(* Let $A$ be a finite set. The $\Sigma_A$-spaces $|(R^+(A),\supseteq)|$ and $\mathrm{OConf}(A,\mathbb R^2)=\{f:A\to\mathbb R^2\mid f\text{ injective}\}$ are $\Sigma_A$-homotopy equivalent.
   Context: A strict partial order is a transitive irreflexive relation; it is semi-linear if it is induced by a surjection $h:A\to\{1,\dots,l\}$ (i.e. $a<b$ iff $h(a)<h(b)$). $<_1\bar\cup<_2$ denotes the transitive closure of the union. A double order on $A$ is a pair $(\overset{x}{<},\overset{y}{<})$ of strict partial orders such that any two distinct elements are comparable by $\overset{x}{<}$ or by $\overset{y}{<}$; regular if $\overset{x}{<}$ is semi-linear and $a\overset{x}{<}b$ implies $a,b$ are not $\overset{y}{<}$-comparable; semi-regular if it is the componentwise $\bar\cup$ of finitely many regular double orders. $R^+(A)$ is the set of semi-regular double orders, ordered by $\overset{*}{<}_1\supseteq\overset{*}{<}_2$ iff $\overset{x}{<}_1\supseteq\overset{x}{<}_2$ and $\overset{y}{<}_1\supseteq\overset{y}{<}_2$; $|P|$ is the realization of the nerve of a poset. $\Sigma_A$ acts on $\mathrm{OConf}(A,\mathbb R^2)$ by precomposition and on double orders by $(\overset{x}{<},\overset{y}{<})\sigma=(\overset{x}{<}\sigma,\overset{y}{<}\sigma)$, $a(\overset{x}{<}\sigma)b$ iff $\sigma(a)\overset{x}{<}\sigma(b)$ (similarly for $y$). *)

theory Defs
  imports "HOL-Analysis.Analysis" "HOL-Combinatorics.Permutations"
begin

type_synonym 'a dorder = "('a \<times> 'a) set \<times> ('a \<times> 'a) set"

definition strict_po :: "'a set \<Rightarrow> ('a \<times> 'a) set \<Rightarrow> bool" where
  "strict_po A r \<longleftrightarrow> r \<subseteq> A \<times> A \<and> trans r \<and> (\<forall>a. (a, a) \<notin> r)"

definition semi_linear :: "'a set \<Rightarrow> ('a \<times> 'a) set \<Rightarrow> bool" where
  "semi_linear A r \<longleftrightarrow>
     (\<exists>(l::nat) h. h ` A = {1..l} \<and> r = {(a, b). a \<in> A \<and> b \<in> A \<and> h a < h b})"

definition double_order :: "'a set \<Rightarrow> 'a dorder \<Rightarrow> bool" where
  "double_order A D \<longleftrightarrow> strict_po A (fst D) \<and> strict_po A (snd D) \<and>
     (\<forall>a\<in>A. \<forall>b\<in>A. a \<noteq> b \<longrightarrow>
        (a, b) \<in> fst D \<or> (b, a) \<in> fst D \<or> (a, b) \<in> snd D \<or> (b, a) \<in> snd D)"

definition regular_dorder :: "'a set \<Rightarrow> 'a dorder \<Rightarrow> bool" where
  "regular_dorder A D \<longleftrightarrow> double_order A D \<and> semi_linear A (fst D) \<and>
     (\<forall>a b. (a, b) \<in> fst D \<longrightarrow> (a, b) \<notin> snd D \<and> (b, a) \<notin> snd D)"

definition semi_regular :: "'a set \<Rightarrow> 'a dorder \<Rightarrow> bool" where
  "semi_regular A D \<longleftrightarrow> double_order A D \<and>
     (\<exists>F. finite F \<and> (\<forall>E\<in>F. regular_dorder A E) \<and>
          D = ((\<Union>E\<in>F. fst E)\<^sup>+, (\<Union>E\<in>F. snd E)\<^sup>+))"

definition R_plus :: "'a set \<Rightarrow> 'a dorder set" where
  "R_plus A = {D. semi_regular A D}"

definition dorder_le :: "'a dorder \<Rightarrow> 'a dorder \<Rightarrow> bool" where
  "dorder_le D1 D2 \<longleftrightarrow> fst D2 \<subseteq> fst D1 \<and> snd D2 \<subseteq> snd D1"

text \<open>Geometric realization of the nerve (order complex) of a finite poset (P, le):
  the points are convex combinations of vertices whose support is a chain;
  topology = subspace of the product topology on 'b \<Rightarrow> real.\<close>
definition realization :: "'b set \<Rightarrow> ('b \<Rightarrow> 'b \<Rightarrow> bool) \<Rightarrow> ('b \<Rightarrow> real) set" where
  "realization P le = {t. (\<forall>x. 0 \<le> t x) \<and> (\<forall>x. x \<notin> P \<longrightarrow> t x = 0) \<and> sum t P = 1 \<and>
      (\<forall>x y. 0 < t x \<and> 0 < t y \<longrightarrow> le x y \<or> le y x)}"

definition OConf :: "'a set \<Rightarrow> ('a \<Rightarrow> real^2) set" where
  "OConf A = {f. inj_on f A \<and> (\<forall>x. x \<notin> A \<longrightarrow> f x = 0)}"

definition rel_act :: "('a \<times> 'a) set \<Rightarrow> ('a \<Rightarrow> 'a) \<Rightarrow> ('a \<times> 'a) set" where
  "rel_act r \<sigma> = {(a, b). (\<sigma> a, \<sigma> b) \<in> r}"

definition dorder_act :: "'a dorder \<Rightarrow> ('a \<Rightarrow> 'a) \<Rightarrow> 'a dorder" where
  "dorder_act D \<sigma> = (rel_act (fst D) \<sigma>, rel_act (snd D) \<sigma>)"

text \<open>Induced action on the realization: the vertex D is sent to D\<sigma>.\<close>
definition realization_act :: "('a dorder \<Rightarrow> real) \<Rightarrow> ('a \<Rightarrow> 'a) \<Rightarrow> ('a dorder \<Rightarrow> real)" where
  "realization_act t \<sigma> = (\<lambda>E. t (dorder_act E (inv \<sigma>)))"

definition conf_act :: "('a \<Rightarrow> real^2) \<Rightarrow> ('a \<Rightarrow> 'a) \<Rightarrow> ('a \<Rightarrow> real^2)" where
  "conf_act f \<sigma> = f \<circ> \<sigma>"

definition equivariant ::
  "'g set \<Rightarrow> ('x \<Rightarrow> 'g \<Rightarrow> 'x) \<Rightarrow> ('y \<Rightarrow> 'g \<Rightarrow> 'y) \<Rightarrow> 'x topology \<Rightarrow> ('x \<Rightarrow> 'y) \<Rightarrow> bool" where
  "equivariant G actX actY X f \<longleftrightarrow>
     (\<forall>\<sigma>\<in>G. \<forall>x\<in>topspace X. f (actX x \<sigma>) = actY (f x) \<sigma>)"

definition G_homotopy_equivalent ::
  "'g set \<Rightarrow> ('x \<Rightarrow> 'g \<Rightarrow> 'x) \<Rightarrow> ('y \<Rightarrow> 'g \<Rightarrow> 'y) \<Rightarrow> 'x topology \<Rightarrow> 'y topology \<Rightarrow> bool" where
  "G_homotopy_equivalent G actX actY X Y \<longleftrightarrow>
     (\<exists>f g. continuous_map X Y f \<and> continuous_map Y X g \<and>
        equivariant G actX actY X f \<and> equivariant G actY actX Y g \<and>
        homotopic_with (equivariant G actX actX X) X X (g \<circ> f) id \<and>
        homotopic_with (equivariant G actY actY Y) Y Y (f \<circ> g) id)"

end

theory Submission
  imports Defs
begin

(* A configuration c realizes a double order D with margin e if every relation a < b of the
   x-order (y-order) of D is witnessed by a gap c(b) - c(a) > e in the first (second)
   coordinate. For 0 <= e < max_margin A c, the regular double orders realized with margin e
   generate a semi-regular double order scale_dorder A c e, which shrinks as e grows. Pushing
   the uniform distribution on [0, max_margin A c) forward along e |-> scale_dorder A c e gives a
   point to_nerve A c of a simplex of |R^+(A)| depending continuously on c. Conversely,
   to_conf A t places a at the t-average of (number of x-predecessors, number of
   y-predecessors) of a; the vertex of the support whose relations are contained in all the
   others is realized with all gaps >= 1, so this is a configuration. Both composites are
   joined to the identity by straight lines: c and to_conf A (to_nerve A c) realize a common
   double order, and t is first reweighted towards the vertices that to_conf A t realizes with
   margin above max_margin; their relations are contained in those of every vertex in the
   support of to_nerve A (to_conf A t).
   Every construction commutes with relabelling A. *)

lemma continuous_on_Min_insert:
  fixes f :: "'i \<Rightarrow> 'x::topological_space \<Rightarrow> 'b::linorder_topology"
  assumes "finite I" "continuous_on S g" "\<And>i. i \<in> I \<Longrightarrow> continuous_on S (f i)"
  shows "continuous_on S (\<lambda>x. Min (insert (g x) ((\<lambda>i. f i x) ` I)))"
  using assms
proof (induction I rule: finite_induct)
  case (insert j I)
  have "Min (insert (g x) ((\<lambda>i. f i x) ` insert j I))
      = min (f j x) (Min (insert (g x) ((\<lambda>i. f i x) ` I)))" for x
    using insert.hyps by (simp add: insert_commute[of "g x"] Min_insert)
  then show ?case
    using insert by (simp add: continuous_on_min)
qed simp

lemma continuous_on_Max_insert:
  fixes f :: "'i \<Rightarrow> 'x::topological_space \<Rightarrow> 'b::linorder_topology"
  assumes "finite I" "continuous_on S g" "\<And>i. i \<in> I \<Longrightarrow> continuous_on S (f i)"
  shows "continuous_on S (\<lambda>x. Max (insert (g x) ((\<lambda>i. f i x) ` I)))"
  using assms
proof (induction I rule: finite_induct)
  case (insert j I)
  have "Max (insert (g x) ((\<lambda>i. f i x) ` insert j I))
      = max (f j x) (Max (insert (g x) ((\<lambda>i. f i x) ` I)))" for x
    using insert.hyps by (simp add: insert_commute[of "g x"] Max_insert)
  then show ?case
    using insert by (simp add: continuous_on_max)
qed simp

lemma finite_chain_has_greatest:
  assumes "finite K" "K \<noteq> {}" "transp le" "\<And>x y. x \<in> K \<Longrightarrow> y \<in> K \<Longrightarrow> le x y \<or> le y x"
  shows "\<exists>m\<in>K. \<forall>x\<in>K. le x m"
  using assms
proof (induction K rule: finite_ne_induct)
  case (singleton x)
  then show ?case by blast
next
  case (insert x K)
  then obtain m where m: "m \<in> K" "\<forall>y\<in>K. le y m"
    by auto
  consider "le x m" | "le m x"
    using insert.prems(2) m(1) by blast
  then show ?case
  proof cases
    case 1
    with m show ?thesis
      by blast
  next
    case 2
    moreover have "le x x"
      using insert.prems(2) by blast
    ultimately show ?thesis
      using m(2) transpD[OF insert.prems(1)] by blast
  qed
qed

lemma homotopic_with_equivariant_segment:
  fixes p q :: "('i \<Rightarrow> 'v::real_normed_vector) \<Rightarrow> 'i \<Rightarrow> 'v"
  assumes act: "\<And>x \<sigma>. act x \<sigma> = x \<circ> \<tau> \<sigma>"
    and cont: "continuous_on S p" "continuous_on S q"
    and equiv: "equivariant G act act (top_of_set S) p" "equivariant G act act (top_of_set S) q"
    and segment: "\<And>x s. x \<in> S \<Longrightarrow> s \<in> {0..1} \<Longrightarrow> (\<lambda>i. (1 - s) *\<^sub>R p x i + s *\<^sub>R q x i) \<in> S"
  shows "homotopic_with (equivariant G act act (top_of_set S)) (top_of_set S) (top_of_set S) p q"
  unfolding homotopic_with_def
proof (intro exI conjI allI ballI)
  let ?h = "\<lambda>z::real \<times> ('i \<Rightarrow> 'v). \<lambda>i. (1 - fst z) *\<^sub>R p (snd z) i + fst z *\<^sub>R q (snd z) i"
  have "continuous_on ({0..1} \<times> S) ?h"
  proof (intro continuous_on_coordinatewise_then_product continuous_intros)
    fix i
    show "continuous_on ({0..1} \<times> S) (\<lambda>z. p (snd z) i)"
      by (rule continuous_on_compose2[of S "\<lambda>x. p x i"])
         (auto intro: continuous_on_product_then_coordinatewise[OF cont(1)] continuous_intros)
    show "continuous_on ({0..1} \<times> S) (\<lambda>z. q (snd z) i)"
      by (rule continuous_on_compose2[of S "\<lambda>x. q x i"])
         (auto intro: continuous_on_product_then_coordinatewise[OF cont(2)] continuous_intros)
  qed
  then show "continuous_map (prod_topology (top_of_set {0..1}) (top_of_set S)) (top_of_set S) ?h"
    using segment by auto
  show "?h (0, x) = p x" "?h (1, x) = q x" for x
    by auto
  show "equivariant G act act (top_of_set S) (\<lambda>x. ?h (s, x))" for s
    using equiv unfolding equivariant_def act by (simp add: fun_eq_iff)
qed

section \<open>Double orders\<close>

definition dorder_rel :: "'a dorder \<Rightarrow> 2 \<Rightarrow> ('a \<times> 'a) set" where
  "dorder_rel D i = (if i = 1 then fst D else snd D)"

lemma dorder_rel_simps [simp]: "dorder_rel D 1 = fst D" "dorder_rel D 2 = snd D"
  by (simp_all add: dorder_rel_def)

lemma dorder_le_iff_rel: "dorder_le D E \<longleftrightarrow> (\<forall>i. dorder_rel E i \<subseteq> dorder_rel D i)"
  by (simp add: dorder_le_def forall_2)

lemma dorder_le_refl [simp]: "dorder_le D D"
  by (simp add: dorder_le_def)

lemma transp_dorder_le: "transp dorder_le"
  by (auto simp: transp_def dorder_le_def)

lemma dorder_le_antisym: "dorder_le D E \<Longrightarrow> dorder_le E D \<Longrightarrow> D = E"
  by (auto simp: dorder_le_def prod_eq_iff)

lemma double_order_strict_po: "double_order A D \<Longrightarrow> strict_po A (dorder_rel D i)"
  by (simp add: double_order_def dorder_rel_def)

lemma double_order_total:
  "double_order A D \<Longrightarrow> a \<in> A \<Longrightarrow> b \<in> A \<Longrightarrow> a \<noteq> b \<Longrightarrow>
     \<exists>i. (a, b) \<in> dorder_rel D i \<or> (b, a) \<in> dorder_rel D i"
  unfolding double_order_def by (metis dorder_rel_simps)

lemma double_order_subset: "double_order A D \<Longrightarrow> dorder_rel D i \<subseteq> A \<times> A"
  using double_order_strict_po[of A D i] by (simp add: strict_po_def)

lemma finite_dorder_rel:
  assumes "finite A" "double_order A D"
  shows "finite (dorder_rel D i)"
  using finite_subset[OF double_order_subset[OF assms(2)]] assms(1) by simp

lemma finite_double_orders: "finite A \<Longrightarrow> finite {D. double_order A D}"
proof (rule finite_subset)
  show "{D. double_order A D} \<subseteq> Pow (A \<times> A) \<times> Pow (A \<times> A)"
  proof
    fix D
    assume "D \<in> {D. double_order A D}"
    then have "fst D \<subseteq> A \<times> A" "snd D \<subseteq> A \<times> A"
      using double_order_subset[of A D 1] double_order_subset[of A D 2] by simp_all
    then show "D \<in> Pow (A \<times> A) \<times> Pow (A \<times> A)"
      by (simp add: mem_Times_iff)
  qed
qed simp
...
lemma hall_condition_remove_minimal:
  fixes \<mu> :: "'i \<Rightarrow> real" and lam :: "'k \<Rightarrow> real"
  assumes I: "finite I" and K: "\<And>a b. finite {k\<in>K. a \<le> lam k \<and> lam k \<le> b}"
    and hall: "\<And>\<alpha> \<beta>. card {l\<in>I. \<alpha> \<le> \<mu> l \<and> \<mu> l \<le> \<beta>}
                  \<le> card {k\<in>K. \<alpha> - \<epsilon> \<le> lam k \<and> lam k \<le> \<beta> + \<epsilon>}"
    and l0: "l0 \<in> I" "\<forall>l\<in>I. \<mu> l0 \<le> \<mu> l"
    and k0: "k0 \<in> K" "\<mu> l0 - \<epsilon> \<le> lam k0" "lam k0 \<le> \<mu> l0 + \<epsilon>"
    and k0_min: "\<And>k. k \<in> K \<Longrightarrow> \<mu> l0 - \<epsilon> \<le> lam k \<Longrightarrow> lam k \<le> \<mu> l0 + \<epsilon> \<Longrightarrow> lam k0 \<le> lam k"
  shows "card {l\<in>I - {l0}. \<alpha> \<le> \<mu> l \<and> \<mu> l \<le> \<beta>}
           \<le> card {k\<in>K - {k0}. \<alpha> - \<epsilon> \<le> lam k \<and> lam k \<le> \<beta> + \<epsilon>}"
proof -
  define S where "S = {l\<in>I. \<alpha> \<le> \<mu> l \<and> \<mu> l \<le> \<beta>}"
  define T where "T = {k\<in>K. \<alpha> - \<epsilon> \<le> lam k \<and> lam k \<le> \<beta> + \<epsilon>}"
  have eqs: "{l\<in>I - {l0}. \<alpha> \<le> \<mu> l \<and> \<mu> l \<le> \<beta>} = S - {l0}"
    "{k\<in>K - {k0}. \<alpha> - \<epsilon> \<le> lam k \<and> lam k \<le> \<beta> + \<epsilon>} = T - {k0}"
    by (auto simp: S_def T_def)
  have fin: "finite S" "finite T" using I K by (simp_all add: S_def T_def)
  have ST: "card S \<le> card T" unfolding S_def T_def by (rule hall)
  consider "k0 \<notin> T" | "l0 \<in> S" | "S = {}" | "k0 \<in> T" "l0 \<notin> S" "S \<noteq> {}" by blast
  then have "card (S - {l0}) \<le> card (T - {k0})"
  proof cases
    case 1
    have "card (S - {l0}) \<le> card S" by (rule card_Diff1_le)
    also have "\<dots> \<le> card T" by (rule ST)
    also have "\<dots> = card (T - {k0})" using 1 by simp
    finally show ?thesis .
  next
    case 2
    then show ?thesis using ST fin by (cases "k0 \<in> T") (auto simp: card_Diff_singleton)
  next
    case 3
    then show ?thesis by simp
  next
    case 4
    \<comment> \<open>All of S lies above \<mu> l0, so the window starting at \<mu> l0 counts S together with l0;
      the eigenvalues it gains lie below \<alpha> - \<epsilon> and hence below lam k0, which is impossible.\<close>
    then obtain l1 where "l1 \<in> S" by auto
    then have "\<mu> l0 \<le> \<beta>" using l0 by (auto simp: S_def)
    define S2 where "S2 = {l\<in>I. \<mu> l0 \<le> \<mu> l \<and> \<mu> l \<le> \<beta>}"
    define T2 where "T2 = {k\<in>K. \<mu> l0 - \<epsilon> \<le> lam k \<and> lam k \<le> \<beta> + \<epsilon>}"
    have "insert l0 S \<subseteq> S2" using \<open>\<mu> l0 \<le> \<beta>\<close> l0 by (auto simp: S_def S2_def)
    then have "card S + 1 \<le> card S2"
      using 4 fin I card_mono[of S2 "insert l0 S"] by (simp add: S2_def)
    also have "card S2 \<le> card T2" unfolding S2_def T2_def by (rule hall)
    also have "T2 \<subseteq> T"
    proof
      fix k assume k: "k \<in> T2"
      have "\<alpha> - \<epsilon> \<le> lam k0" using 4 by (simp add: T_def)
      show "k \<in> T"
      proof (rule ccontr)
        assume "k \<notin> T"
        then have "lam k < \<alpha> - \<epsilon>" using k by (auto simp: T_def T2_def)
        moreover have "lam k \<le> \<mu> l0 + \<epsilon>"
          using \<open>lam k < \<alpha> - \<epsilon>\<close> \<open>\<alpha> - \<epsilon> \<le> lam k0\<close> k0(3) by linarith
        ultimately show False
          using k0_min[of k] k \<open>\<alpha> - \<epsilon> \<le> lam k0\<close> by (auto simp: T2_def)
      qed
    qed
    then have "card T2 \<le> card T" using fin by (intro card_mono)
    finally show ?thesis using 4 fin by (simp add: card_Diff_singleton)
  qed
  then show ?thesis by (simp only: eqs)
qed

» **Problem details**: Report every line in the data above in which the word "moreover" appears.

» **Exercise response**:
    moreover have "le x x"
        moreover have "lam k \<le> \<mu> l0 + \<epsilon>"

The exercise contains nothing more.